* [Recorded information]

lemma smooth_on_compose_linear:
  assumes l: "bounded_linear l"
  shows "smooth_on S f \<Longrightarrow> smooth_on S (\<lambda>x. l (f x))"
proof -
  have "Cdirs S (\<lambda>x. l (f x)) vs" if "smooth_on S f" for vs
    using that
  proof (induction vs arbitrary: f)
    case Nil
    then show ?case
      using bounded_linear.continuous_on[OF l smooth_onD(2)[OF Nil]] by simp
  next
    case (Cons v vs)
    show ?case
    proof (rule Cdirs_Cons_intro[OF smooth_onD(1)[OF Cons.prems]])
      show "((\<lambda>x. l (f x)) has_derivative (\<lambda>h. l (frechet_derivative f (at x) h))) (at x)"
        if "x \<in> S" for x
        using Cons.prems that by (intro bounded_linear.has_derivative[OF l] smooth_on_has_derivative)
      show "Cdirs S (\<lambda>x. l (frechet_derivative f (at x) v)) vs"
        using Cons.prems by (intro Cons.IH smooth_onD(4))
    qed
  qed
  then show "smooth_on S f \<Longrightarrow> smooth_on S (\<lambda>x. l (f x))"
    using smooth_onD(1) by (simp add: smooth_on_def)
qed

lemma smooth_on_linear: "open S \<Longrightarrow> bounded_linear l \<Longrightarrow> smooth_on S l"
  using smooth_on_compose_linear[OF _ smooth_on_id] by blast

lemma smooth_on_diff: "smooth_on S f \<Longrightarrow> smooth_on S g \<Longrightarrow> smooth_on S (\<lambda>x. f x - g x)"
  using smooth_on_add[OF _ smooth_on_compose_linear[OF bounded_linear_minus[OF bounded_linear_ident]]]
  by fastforce
lemma has_integral_deriv_over_exp:
  assumes "0 \<le> u"
  shows "((\<lambda>s. g1 s / exp (g s)) has_integral 1 / exp (g u)) {u..}"
proof (rule has_integral_to_inf)
  have ftc: "((\<lambda>s. g1 s / exp (g s)) has_integral 1 / exp (g u) - 1 / exp (g w)) {u..w}"
    if "u \<le> w" for w
  proof -
    have "((\<lambda>s. - 1 / exp (g s)) has_real_derivative g1 s / exp (g s)) (at s within {u..w})"
      if "s \<in> {u..w}" for s
      using DERIV_subset[OF g_deriv, of s "{u..w}"] that assms
      by (auto intro!: derivative_eq_intros simp: field_simps power2_eq_square)
    then have "((\<lambda>s. g1 s / exp (g s)) has_integral - 1 / exp (g w) - - 1 / exp (g u)) {u..w}"
      by (intro fundamental_theorem_of_calculus[OF \<open>u \<le> w\<close>])
        (simp add: has_real_derivative_iff_has_vector_derivative)
    then show ?thesis by simp
  qed
  show "(\<lambda>s. g1 s / exp (g s)) integrable_on {u..w}" for w
    using ftc[of w] by (cases "u \<le> w") auto
  show "0 \<le> g1 w / exp (g w)" if "u \<le> w" for w
    using g1_pos[of w] that assms by simp
  have "\<forall>\<^sub>F w in at_top. integral {u..w} (\<lambda>s. g1 s / exp (g s)) = 1 / exp (g u) - 1 / exp (g w)"
    using eventually_ge_at_top[of u] by eventually_elim (use ftc in blast)
  moreover have "((\<lambda>w. 1 / exp (g u) - 1 / exp (g w)) \<longlongrightarrow> 1 / exp (g u) - 0) at_top"
    using filterlim_compose[OF exp_at_top filterlim_g_at_top]
    by (intro tendsto_intros tendsto_divide_0[OF tendsto_const] filterlim_at_top_imp_at_infinity)
  ultimately show "((\<lambda>w. integral {u..w} (\<lambda>s. g1 s / exp (g s))) \<longlongrightarrow> 1 / exp (g u)) at_top"
    by (simp add: tendsto_cong)
qed

lemma integrable_inverse_exp:
  assumes "0 \<le> u"
  shows "(\<lambda>s. 1 / exp (g s)) integrable_on {u..}"
proof (rule measurable_bounded_by_integrable_imp_integrable_real)
  have "continuous_on {u..} g"
    using continuous_on_g by (rule continuous_on_subset) (use assms in auto)
  then show "(\<lambda>s. 1 / exp (g s)) \<in> borel_measurable (lebesgue_on {u..})"
    by (intro continuous_imp_measurable_on_sets_lebesgue continuous_intros) auto
  show "(\<lambda>s. g1 s / exp (g s) / g1 u) integrable_on {u..}"
    using has_integral_deriv_over_exp[OF assms] by (intro integrable_on_divide) blast
  show "\<bar>1 / exp (g s)\<bar> \<le> g1 s / exp (g s) / g1 u" if "s \<in> {u..}" for s
    using monotone_onD[OF g1_mono, of u s] g1_pos[of u] that assms by (simp add: field_simps)
qed auto

lemma Fint_le_inverse_deriv:
  assumes "0 \<le> u"
  shows "Fint g u \<le> 1 / (g1 u * exp (g u))"
proof -
  have "Fint g u \<le> 1 / exp (g u) / g1 u"
    unfolding Fint_def
  proof (rule has_integral_le[OF integrable_integral[OF integrable_inverse_exp[OF assms]]
        has_integral_divide[OF has_integral_deriv_over_exp[OF assms]]])
    show "1 / exp (g s) \<le> g1 s / exp (g s) / g1 u" if "s \<in> {u..}" for s
      using monotone_onD[OF g1_mono, of u s] g1_pos[of u] that assms by (simp add: field_simps)
  qed
  then show ?thesis by (simp add: mult.commute)
qed
text \<open>For a balanced inner function \<open>h\<close> on \<open>l\<close> variables the Walsh spectrum of \<open>f \<diamond> h\<close>
  factorises over the blocks: \<open>W(f \<diamond> h)(\<alpha>\<^sub>1, ..., \<alpha>\<^sub>k) = W(f)(\<nu>) \<cdot> \<Prod>{W(h)(\<alpha>\<^sub>i) | \<alpha>\<^sub>i \<noteq> 0}\<close>,
  where \<open>\<nu>\<^sub>i = [\<alpha>\<^sub>i \<noteq> 0]\<close>: a zero block just counts the points of a fibre of \<open>h\<close>, which are
  \<open>2\<^sup>l / 2\<close> for either value of \<open>h\<close>, so it does not see the corresponding input of \<open>f\<close>. Weighting the squared spectrum by weight and using Parseval for \<open>h\<close>
  gives \<open>Inf(f \<diamond> h) = Inf(h) Inf(f)\<close>; minimising \<open>-log W\<^sup>2\<close> block by block gives
  \<open>H(f \<diamond> h) = min\<^sub>i (-log a\<^sub>i(f) + i H(h))\<close>, the term for weight \<open>i\<close> being realised by
  placing one optimal spectral point of \<open>h\<close> in each block where \<open>\<nu>\<close> is one.

  Negating all inputs multiplies \<open>W(g)(\<alpha>)\<close> by \<open>(-1) ^ wt \<alpha>\<close>, so the spectrum of \<open>g\<^sub>b\<close> is that of \<open>g\<close>
  moved to the point \<open>(\<alpha>, b \<oplus> wt \<alpha> mod 2)\<close>. This gives \<open>Inf(g\<^sub>b) = Inf(g) + \<epsilon>\<^sub>b(g)\<close>, and for a
  plateaued \<open>t\<close>-resilient \<open>g\<close> with \<open>t \<equiv> b\<close> every term of the minimum is \<open>(i + 1) H(g)\<close> with
  \<open>i \<ge> t + 2\<close>, equality coming from a spectral point of \<open>g\<close> of weight \<open>t + 1\<close>.\<close>

lemma finite_vecs [simp]: "finite (vecs n)"
  using finite_lists_length_eq[of "UNIV :: bool set" n] by (simp add: vecs_def)

lemma card_vecs: "card (vecs n) = 2 ^ n"
  using card_lists_length_eq[of "UNIV :: bool set" n] by (simp add: vecs_def)

lemma vecs_add: "vecs (m + n) = (\<lambda>(u, v). u @ v) ` (vecs m \<times> vecs n)"
proof -
  have "x \<in> (\<lambda>(u, v). u @ v) ` (vecs m \<times> vecs n)" if "length x = m + n" for x
    using that by (intro image_eqI[of _ _ "(take m x, drop m x)"]) (auto simp: vecs_def)
  then show ?thesis
    by (auto simp: vecs_def)
qed

lemma sum_vecs_append:
  "(\<Sum>x\<in>vecs (m + n). F x) = (\<Sum>u\<in>vecs m. \<Sum>v\<in>vecs n. (F (u @ v) :: 'a::comm_monoid_add))"
proof -
  have "inj_on (\<lambda>(u, v). u @ v) (vecs m \<times> vecs n)"
    by (auto simp: inj_on_def vecs_def)
  then show ?thesis
    unfolding vecs_add by (subst sum.reindex) (auto simp: sum.cartesian_product case_prod_beta)
qed

lemma vecs_1: "vecs (Suc 0) = {[False], [True]}"
  by (auto simp: vecs_def length_Suc_conv)

lemma sum_vecs_Suc:
  "(\<Sum>x\<in>vecs (Suc n). F x) = (\<Sum>x\<in>vecs n. F (False # x)) + (\<Sum>x\<in>vecs n. (F (True # x) :: 'a::comm_monoid_add))"
  using sum_vecs_append[of F 1 n] by (simp add: vecs_1 sum.distrib)

lemma sum_vecs_snoc:
  "(\<Sum>x\<in>vecs (n + 1). F x) = (\<Sum>u\<in>vecs n. F (u @ [False]) + (F (u @ [True]) :: 'a::comm_monoid_add))"
  using sum_vecs_append[of F n 1] by (simp add: vecs_1)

* [What is being asked]
Only lines holding the word "diamond" are wanted, so copy each of them from the records above.

* [Exercise output]
text \<open>For a balanced inner function \<open>h\<close> on \<open>l\<close> variables the Walsh spectrum of \<open>f \<diamond> h\<close>
  factorises over the blocks: \<open>W(f \<diamond> h)(\<alpha>\<^sub>1, ..., \<alpha>\<^sub>k) = W(f)(\<nu>) \<cdot> \<Prod>{W(h)(\<alpha>\<^sub>i) | \<alpha>\<^sub>i \<noteq> 0}\<close>,
  gives \<open>Inf(f \<diamond> h) = Inf(h) Inf(f)\<close>; minimising \<open>-log W\<^sup>2\<close> block by block gives
  \<open>H(f \<diamond> h) = min\<^sub>i (-log a\<^sub>i(f) + i H(h))\<close>, the term for weight \<open>i\<close> being realised by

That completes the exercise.